Nigeria’s stock market has entered 2026 on a historic high, with total market capitalization crossing the ₦100 trillion mark and the All-Share Index closing last week at 165,512 points. Year-to-date gains stand at roughly 6.36 percent, reinforcing optimism that bullish momentum could extend further into the year. Analysts say ongoing reforms and potential new listings could drive returns as high as 40 percent, cementing equities as one of Nigeria’s strongest-performing asset classes.

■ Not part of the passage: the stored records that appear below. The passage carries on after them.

theorem lemma16:
  fixes \<beta> \<gamma> :: real and T :: nat and \<eta> :: "nat \<Rightarrow> real"
  assumes "\<beta> > 0" and "\<gamma> > 0" and "T \<ge> 1"
    and "\<forall>t\<ge>1. \<eta> t > 0"
  shows
   "(\<forall>C::real. (\<forall>t\<ge>1. \<eta> t = C) \<and> C \<le> 2 / (\<beta> + \<gamma>) \<longrightarrow>
       (\<Sum>t=1..T. \<eta> t * (\<Prod>j=t+1..T. 1 - \<eta> j * \<gamma>)) = (1 - (1 - C * \<gamma>) ^ T) / \<gamma>)
  \<and> (\<forall>C C'::real.
       C \<ge> 2 / \<gamma> \<and> C' < 2 / (\<gamma> + \<beta>) \<and>
       (\<forall>t. t \<ge> 1 + nat \<lceil>\<beta> / \<gamma>\<rceil> \<longrightarrow> \<eta> t = C / real t \<and> C / real t \<le> 2 / (\<beta> + \<gamma>)) \<and>
       (\<forall>t. 1 \<le> t \<and> t \<le> nat \<lceil>\<beta> / \<gamma>\<rceil> \<longrightarrow> \<eta> t = C' / real t \<and> C' / real t \<le> 2 / (\<beta> + \<gamma>))
     \<longrightarrow> (\<Sum>t=1..T. \<eta> t * (\<Prod>j=t+1..T. 1 - \<eta> j * \<gamma> / 2))
           \<le> C * ln (exp 2 * real_of_int \<lceil>\<beta> / \<gamma>\<rceil>))
  \<and> (\<forall>C::real.
       (\<forall>t\<ge>1. \<eta> t \<le> C / real t \<and> C / real t < 2 / \<beta>)
     \<longrightarrow> (\<Sum>t=1..T. \<eta> t * (\<Prod>j=t+1..T. (1 + \<beta> * \<eta> j)^2))
           \<le> C * exp (2 * C * \<beta>) * real T powr (2 * C * \<beta>)
              * min (1 + 1 / (2 * C * \<beta>)) (ln (exp 1 * real T)))"
proof (intro conjI allI impI)
  fix C :: real
  assume "(\<forall>t\<ge>1. \<eta> t = C) \<and> C \<le> 2 / (\<beta> + \<gamma>)"
  then have const: "\<And>t. 1 \<le> t \<Longrightarrow> \<eta> t = C"
    by simp
  then have "0 < C"
    using assms(4) by force
  have "(\<Sum>t=1..T. \<eta> t * (\<Prod>j=t+1..T. 1 - \<eta> j * \<gamma>)) = (\<Sum>t=1..T. C * (\<Prod>j=t+1..T. 1 - C * \<gamma>))"
    using const by (intro sum.cong prod.cong arg_cong2[where f = "(*)"]) auto
  also have "\<dots> = (1 - (1 - C * \<gamma>) ^ T) / \<gamma>"
    using \<open>0 < C\<close> assms(2) by (intro sum_step_prod_const_eq) simp
  finally show "(\<Sum>t=1..T. \<eta> t * (\<Prod>j=t+1..T. 1 - \<eta> j * \<gamma>)) = (1 - (1 - C * \<gamma>) ^ T) / \<gamma>" .
next
  fix C C' :: real
  assume "C \<ge> 2 / \<gamma> \<and> C' < 2 / (\<gamma> + \<beta>) \<and>
       (\<forall>t. t \<ge> 1 + nat \<lceil>\<beta> / \<gamma>\<rceil> \<longrightarrow> \<eta> t = C / real t \<and> C / real t \<le> 2 / (\<beta> + \<gamma>)) \<and>
       (\<forall>t. 1 \<le> t \<and> t \<le> nat \<lceil>\<beta> / \<gamma>\<rceil> \<longrightarrow> \<eta> t = C' / real t \<and> C' / real t \<le> 2 / (\<beta> + \<gamma>))"
  then show "(\<Sum>t=1..T. \<eta> t * (\<Prod>j=t+1..T. 1 - \<eta> j * \<gamma> / 2)) \<le> C * ln (exp 2 * real_of_int \<lceil>\<beta> / \<gamma>\<rceil>)"
    using sum_step_prod_decay_le_ln_ceiling[OF assms(1,2,4)] by blast
next
  fix C :: real
  assume "\<forall>t\<ge>1. \<eta> t \<le> C / real t \<and> C / real t < 2 / \<beta>"
  then show "(\<Sum>t=1..T. \<eta> t * (\<Prod>j=t+1..T. (1 + \<beta> * \<eta> j)^2))
           \<le> C * exp (2 * C * \<beta>) * real T powr (2 * C * \<beta>)
              * min (1 + 1 / (2 * C * \<beta>)) (ln (exp 1 * real T))"
    using assms(4) by (intro sum_step_prod_growth_le[OF assms(1,3)]) auto
qed

end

However, beneath the market’s glittering performance lie deep structural concerns. Valuations across the Nigerian Exchange Group (NGX) are increasingly stretched, driven by a shortage of quality listed assets and heavy concentration of liquidity in a handful of blue-chip stocks. Beyond Tier-1 banks and bellwethers such as MTN, Dangote, and BUA, trading volumes thin out sharply, making it difficult for investors to exit large positions without triggering steep price declines.
This liquidity challenge creates what analysts describe as a “ghost market”—one where gains appear impressive on paper but can quickly evaporate when investors attempt to sell. Even profitable companies can become illiquid traps, forcing shareholders to accept heavy discounts just to find buyers. For foreign investors, the risk is magnified by currency depreciation, as strong equity returns can be wiped out if the naira weakens faster than share prices rise.
Looking ahead, 2026 presents additional pressure points. As Nigeria moves toward the 2027 general elections, rising government spending could stoke inflation, complicate fiscal planning, and distort market signals. At the same time, lingering challenges such as shallow investor diversification, capital controls, and broader economic instability continue to cap upside potential for several sectors.
Still, there are bright spots on the horizon. The expected listing of the Dangote Petroleum Refinery—valued near $20 billion—could inject significant liquidity and global attention into the market. Meanwhile, recapitalized Tier-1 banks like Zenith Bank and UBA are emerging as financial “fortresses,” with return-on-equity projections approaching 45 percent by the end of 2026. While dividends may be temporarily constrained by regulatory requirements, analysts believe Nigeria’s equity market could regain its sparkle over the medium term—provided investors remain alert to the risks behind the rally.